The gambling industry has been highly successful in prescribing the way in which

gambling is discussed in terms of the problem gambler rather than public health or societal

discourses that emphasise gambling-related harms in a pluralistic sense. Its lobbyists,

political supporters and enablers have deployed a highly effective discursive strategy that

constrains consideration of gambling-related harms to the singular rather than social, to an

abstracted category of the ‘problem gambler’. This strategy also enrolls a carefully

constructed risk discourse that argues that the risk to the population as a whole is small

because only a ‘tiny’ number of people have a problem with their gambling at any one time.

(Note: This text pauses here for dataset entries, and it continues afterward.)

lemma f_vec_eq_1_D:
  fixes tiso :: "('a::{field,finite} ^'n) set \<Rightarrow> bool"
  assumes "polar_iso tiso" "tiso u" "tiso w" "tiso v" "f_vec tiso u w v = 1"
  shows "u \<inter> v \<subseteq> w" "w = (u \<inter> w) + (w \<inter> v)"
proof -
  have sub: "vec.subspace u" "vec.subspace w" "vec.subspace v"
    using assms polar_iso_subspace by blast+
  then have sub_parts: "vec.subspace (u \<inter> w)" "vec.subspace (w \<inter> v)"
    by (auto intro: vec.subspace_inter)
  have sum_le: "(u \<inter> w) + (w \<inter> v) \<subseteq> w"
    using sub by (intro set_plus_subset_subspace) auto
  have "vec.dim ((u \<inter> w) + (w \<inter> v)) \<le> vec.dim w"
    using sum_le by (rule vec.dim_subset)
  moreover have "vec.dim ((u \<inter> w) \<inter> (w \<inter> v)) \<le> vec.dim (u \<inter> v)"
    by (rule vec.dim_subset) auto
  moreover note vec_dim_set_plus_Int[OF sub_parts] dim_le_witt_index[of tiso w, OF assms(3)]
  moreover have "witt_index tiso + vec.dim (u \<inter> v) \<le> vec.dim (u \<inter> w) + vec.dim (w \<inter> v)"
    using assms f_vec_eq_1_iff by blast
  ultimately have dims: "vec.dim (u \<inter> v) \<le> vec.dim ((u \<inter> w) \<inter> (w \<inter> v))"
    "vec.dim w \<le> vec.dim ((u \<inter> w) + (w \<inter> v))"
    by linarith+
  have "(u \<inter> w) \<inter> (w \<inter> v) = u \<inter> v"
    using sub sub_parts dims(1) by (intro vec.subspace_dim_equal) (auto intro: vec.subspace_inter)
  then show "u \<inter> v \<subseteq> w"
    by blast
  show "w = (u \<inter> w) + (w \<inter> v)"
    using sub sub_parts sum_le dims(2)
    by (intro vec.subspace_dim_equal[symmetric] vec_subspace_set_plus)
qed

lemma dp_vertices_tiso: "w \<in> dp_vertices tiso \<Longrightarrow> tiso w"
  unfolding dp_vertices_def by blast

lemma dp_vertices_eqI:
  assumes "w \<in> dp_vertices tiso" "w' \<in> dp_vertices tiso" "tiso T" "w \<subseteq> T" "w' \<subseteq> T"
  shows "w = w'"
  using assms unfolding dp_vertices_def by blast

lemma exists_vertex_superset:
  fixes tiso :: "('a::{field,finite} ^'n) set \<Rightarrow> bool"
  assumes "tiso W"
  obtains w where "w \<in> dp_vertices tiso" "W \<subseteq> w"
proof -
  have "W \<in> {V. tiso V \<and> W \<subseteq> V}"
    using assms by simp
  from finite_has_maximal2[OF finite this]
  obtain m where m: "tiso m" "W \<subseteq> m"
    and maximal: "\<And>V. tiso V \<Longrightarrow> W \<subseteq> V \<Longrightarrow> m \<subseteq> V \<Longrightarrow> m = V"
    by auto
  have "m \<in> dp_vertices tiso"
    unfolding dp_vertices_def using m maximal by (auto dest: subset_trans[OF m(2)])
  then show ?thesis
    using m(2) by (rule that)
qed
lemma sc_from_local:
  "prev \<in> N \<Longrightarrow> set xs \<subseteq> N \<Longrightarrow> f |` B prev \<in> set_pmf (mu prev) \<Longrightarrow>
   sc_from B mu prev xs f = map_pmf (\<lambda>h. f ++ h) (sc_from B mu prev xs (f |` B prev))"
proof (induction xs arbitrary: prev f)
  case Nil
  then show ?case by (simp add: map_add_restrict_self)
next
  case (Cons x xs)
  let ?S = "B x \<inter> B prev" and ?D = "B x - B x \<inter> B prev"
  have x: "x \<in> N" and xs: "set xs \<subseteq> N"
    using Cons.prems(2) by auto
  have unfold: "sc_from B mu prev (x # xs) F
      = bind_pmf (cond_pmf (mu x) {g. g |` ?S = f |` ?S})
          (\<lambda>g. map_pmf (\<lambda>h. (F ++ g |` ?D) ++ h) (sc_from B mu x xs g))"
    if "F |` B prev = f |` B prev" for F
  proof -
    have F: "F |` ?S = f |` ?S" and inv: "F |` B prev \<in> set_pmf (mu prev)"
      using that Cons.prems(3) restrict_map_eq_mono[of ?S "B prev" F f] by auto
    show ?thesis
    proof (simp only: sc_from.simps F, rule bind_pmf_cong[OF refl])
      fix g assume "g \<in> set_pmf (cond_pmf (mu x) {g. g |` ?S = f |` ?S})"
      then have g: "g \<in> set_pmf (cond_pmf (mu x) {g. g |` ?S = F |` ?S})"
        by (simp only: F)
      note step = sc_step[OF Cons.prems(1) x inv g]
      show "sc_from B mu x xs (F ++ g |` ?D) = map_pmf (\<lambda>h. (F ++ g |` ?D) ++ h) (sc_from B mu x xs g)"
        using Cons.IH[OF x xs] step(1,4) by simp
    qed
  qed
  have absorb: "f ++ ((f |` B prev ++ g) ++ h) = (f ++ g) ++ h" for g h
    by (simp add: map_add_restrict_self)
  have local: "sc_from B mu prev (x # xs) (f |` B prev)
      = bind_pmf (cond_pmf (mu x) {g. g |` ?S = f |` ?S})
          (\<lambda>g. map_pmf (\<lambda>h. (f |` B prev ++ g |` ?D) ++ h) (sc_from B mu x xs g))"
    by (rule unfold) simp
  show ?case
    unfolding unfold[OF refl] local map_bind_pmf pmf.map_comp o_def absorb ..
qed

lemma sc_from_restrict_cong:
  assumes "b \<in> N" "set post \<subseteq> N" "F |` B b = h" "F' |` B b = h" "h \<in> set_pmf (mu b)"
    and "F |` R = F' |` R"
  shows "map_pmf (\<lambda>D. D |` R) (sc_from B mu b post F) = map_pmf (\<lambda>D. D |` R) (sc_from B mu b post F')"
  using sc_from_local[OF assms(1,2), of F] sc_from_local[OF assms(1,2), of F'] assms(3-6)
  by (simp add: pmf.map_comp o_def restrict_map_add_cong[OF assms(6)])

lemma sc_from_through_node:
  assumes a: "a \<in> N" and v: "v \<in> N" and b: "b \<in> N" and post: "set post \<subseteq> N"
    and inv: "f |` B a \<in> set_pmf (mu a)"
    and covered: "B v \<inter> R \<subseteq> B a \<union> B b" and running: "B a \<inter> B b \<subseteq> B v"
  shows "map_pmf (\<lambda>D. D |` R) (sc_from B mu a (v # b # post) f)
       = bind_pmf (cond_pmf (mu v) {g. g |` (B v \<inter> B a) = f |` (B v \<inter> B a)})
           (\<lambda>g. bind_pmf (cond_pmf (mu b) {h. h |` (B b \<inter> B v) = g |` (B b \<inter> B v)})
              (\<lambda>h. map_pmf (\<lambda>D. D |` R) (sc_from B mu b post (f ++ h |` (B b - B b \<inter> B a)))))"
proof (simp only: sc_from.simps map_bind_pmf, rule bind_pmf_cong[OF refl])
  fix g assume g: "g \<in> set_pmf (cond_pmf (mu v) {g. g |` (B v \<inter> B a) = f |` (B v \<inter> B a)})"
  note step_v = sc_step[OF a v inv g]
  let ?f = "f ++ g |` (B v - B v \<inter> B a)"
  have "?f |` B v = g |` B v"
    using step_v(3,4) restrict_map_dom_subset[of g "B v"] by simp
  then have f_bv: "?f |` (B b \<inter> B v) = g |` (B b \<inter> B v)"
    by (rule restrict_map_eq_mono[rotated]) blast
  show "bind_pmf (cond_pmf (mu b) {h. h |` (B b \<inter> B v) = ?f |` (B b \<inter> B v)})
          (\<lambda>h. map_pmf (\<lambda>D. D |` R) (sc_from B mu b post (?f ++ h |` (B b - B b \<inter> B v))))
      = bind_pmf (cond_pmf (mu b) {h. h |` (B b \<inter> B v) = g |` (B b \<inter> B v)})
          (\<lambda>h. map_pmf (\<lambda>D. D |` R) (sc_from B mu b post (f ++ h |` (B b - B b \<inter> B a))))"
  proof (simp only: f_bv, rule bind_pmf_cong[OF refl])
    fix h assume "h \<in> set_pmf (cond_pmf (mu b) {h. h |` (B b \<inter> B v) = g |` (B b \<inter> B v)})"
    then have h: "h \<in> set_pmf (cond_pmf (mu b) {h. h |` (B b \<inter> B v) = ?f |` (B b \<inter> B v)})"
      by (simp only: f_bv)
    have "?f |` B v \<in> set_pmf (mu v)"
      using step_v(1,4) by simp
    note step_b = sc_step[OF v b this h]
    have "h |` (B b \<inter> B a) = g |` (B b \<inter> B a)"
      using restrict_map_eq_mono[of "B b \<inter> B a" "B b \<inter> B v" h g] step_b(2) f_bv running by auto
    also have "\<dots> = f |` (B b \<inter> B a)"
      using restrict_map_eq_mono[of "B b \<inter> B a" "B v \<inter> B a" g f] step_v(2) running by auto
    finally have h_ba: "h |` (B b \<inter> B a) = f |` (B b \<inter> B a)" .
    show "map_pmf (\<lambda>D. D |` R) (sc_from B mu b post (?f ++ h |` (B b - B b \<inter> B v)))
        = map_pmf (\<lambda>D. D |` R) (sc_from B mu b post (f ++ h |` (B b - B b \<inter> B a)))"
      by (rule sc_from_restrict_cong[OF b post step_b(4)
            restrict_map_add_extension[OF step_b(3) h_ba] step_b(1)
            map_add_skip_restrict[OF step_v(3,2) step_b(3) step_b(2)[unfolded f_bv] h_ba covered]])
  qed
qed
text \<open>Yetter--Drinfeld post-Hopf algebra (H, mult, one, delta, eps, S, act); beta is the
convolution inverse of alpha_act (which is unique when it exists, so it is taken as a
parameter constrained by (P3)).\<close>
definition yd_post_hopf ::
  "('k::field \<Rightarrow> 'v::ab_group_add \<Rightarrow> 'v) \<Rightarrow> ('v \<Rightarrow> 'v \<Rightarrow> 'v) \<Rightarrow> 'v \<Rightarrow> ('v \<Rightarrow> ('v \<times> 'v) list)
    \<Rightarrow> ('v \<Rightarrow> 'k) \<Rightarrow> ('v \<Rightarrow> 'v) \<Rightarrow> ('v \<Rightarrow> 'v \<Rightarrow> 'v) \<Rightarrow> ('v \<Rightarrow> 'v \<Rightarrow> 'v) \<Rightarrow> bool"
  where "yd_post_hopf sc mult one delta eps S act beta \<longleftrightarrow>
    \<comment> \<open>vector space\<close>
    vector_space sc \<and>
    \<comment> \<open>associative unital algebra\<close>
    bilin sc sc mult \<and>
    (\<forall>x y z. mult (mult x y) z = mult x (mult y z)) \<and>
    (\<forall>x. mult one x = x \<and> mult x one = x) \<and>
    \<comment> \<open>coassociative counital coalgebra; delta is linear H -> H (x) H\<close>
    (\<forall>c x y. teq2 sc (delta (sc c x + y)) (map (\<lambda>(a,b). (sc c a, b)) (delta x) @ delta y)) \<and>
    lin sc ((*) :: 'k \<Rightarrow> 'k \<Rightarrow> 'k) eps \<and>
    (\<forall>x. teq3 sc (delta3L delta x) (delta3R delta x)) \<and>
    (\<forall>x. sum_list [sc (eps x1) x2. (x1, x2) \<leftarrow> delta x] = x) \<and>
    (\<forall>x. sum_list [sc (eps x2) x1. (x1, x2) \<leftarrow> delta x] = x) \<and>
    \<comment> \<open>S\<close>
    lin sc sc S \<and>
    (\<forall>x. sum_list [mult x1 (S x2). (x1, x2) \<leftarrow> delta x] = sc (eps x) one) \<and>
    (\<forall>x. sum_list [mult (S x1) x2. (x1, x2) \<leftarrow> delta x] = sc (eps x) one) \<and>
    \<comment> \<open>act is a coalgebra morphism H (x) H -> H\<close>
    bilin sc sc act \<and>
    (\<forall>x y. teq2 sc (delta (act x y)) [(act x1 y1, act x2 y2). (x1, x2) \<leftarrow> delta x, (y1, y2) \<leftarrow> delta y]) \<and>
    (\<forall>x y. eps (act x y) = eps x * eps y) \<and>
    \<comment> \<open>(P1)\<close>
    (\<forall>x y z. act x (mult y z) = sum_list [mult (act x1 y) (act x2 z). (x1, x2) \<leftarrow> delta x]) \<and>
    \<comment> \<open>(P2)\<close>
    (\<forall>x y z. act x (act y z) = act (bullet mult delta act x y) z) \<and>
    \<comment> \<open>(P3): beta : H -> End(H) linear, convolution inverse of alpha\<close>
    bilin sc sc beta \<and>
    (\<forall>x y. sum_list [act x1 (beta x2 y). (x1, x2) \<leftarrow> delta x] = sc (eps x) y) \<and>
    (\<forall>x y. sum_list [beta x1 (act x2 y). (x1, x2) \<leftarrow> delta x] = sc (eps x) y) \<and>
    \<comment> \<open>(P4)\<close>
    (\<forall>a b. eps (mult a b) = eps a * eps b) \<and> eps one = 1 \<and> teq2 sc (delta one) [(one, one)] \<and>
    \<comment> \<open>(P5)\<close>
    (\<forall>x y. teq2 sc (delta (mult x y))
        [(mult x1 (act x2 (beta x4 y1)), mult x3 y2). (x1, x2, x3, x4) \<leftarrow> delta4 delta x, (y1, y2) \<leftarrow> delta y]) \<and>
    \<comment> \<open>(P6)\<close>
    (\<forall>x. teq2 sc (delta (Sact delta beta S x))
        [(Sact delta beta S x2, Sact delta beta S x1). (x1, x2) \<leftarrow> delta x]) \<and>
    (\<forall>x y. teq2 sc
        [(act x1 y1, lharp mult delta S act beta x2 y2). (x1, x2) \<leftarrow> delta x, (y1, y2) \<leftarrow> delta y]
        [(act x2 y2, lharp mult delta S act beta x1 y1). (x1, x2) \<leftarrow> delta x, (y1, y2) \<leftarrow> delta y])"
(* Let $n\ge 3$ and let $D_{2n}=\langle a,b : a^n=b^2=e,\ bab=a^{-1}\rangle$ be the dihedral group of order $2n$. Let $H$ be a normal subgroup of $D_{2n}$. Then $\Gamma_{D_{2n},H}$ admits a perfect code if and only if either $H=D_{2n}$, or one of the following holds: (1) $n$ is odd and $H\le\langle a\rangle$; (2) $n$ is even and $H=\langle a^2,b\rangle$, or $H=\langle a^2,ab\rangle$, or $H=\langle a^t\rangle$ for a positive divisor $t$ of $n$ such that either $n/t$ is odd, or $n/t=2$, or $n/t\ge 4$ is even and $t$ is odd.
   Context: For a normal subgroup $H$ of a finite group $G$ with identity $e$, the subgroup sum graph $\Gamma_{G,H}$ is the simple undirected graph with vertex set $G$ in which distinct vertices $x,y$ are adjacent if and only if $xy\in H\setminus\{e\}$. A perfect code in a graph is a set $C$ of vertices that is independent and such that every vertex not in $C$ is adjacent to exactly one vertex of $C$. *)

theory Defs
  imports "HOL-Algebra.Algebra"
begin

definition ssg_adj :: "('a, 'b) monoid_scheme \<Rightarrow> 'a set \<Rightarrow> 'a \<Rightarrow> 'a \<Rightarrow> bool" where
  "ssg_adj G H x y \<longleftrightarrow> x \<in> carrier G \<and> y \<in> carrier G \<and> x \<noteq> y \<and>
      x \<otimes>\<^bsub>G\<^esub> y \<in> H - {\<one>\<^bsub>G\<^esub>}"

Yet the evidence suggests that problem gambling, to the extent that it can be described, is a

fluid condition which many people recover from over time and many others will move in and

out of phases of uncontrolled gambling over their lifetime. It is also a socio-spatial condition;

the likelihood of a person or community encountering difficulties as a result of gambling

practices being contingent on a complex array of social and place-based factors, factors that

are not easily captured or translated into a political discourse that emphasises the

vulnerability and responsibilities of the individual. As a consequence, a political fetishisation

of the ‘problem gambler’ as a discrete, fixed, category of person unusually susceptible to

developing gambling related problems is perhaps a problem in itself.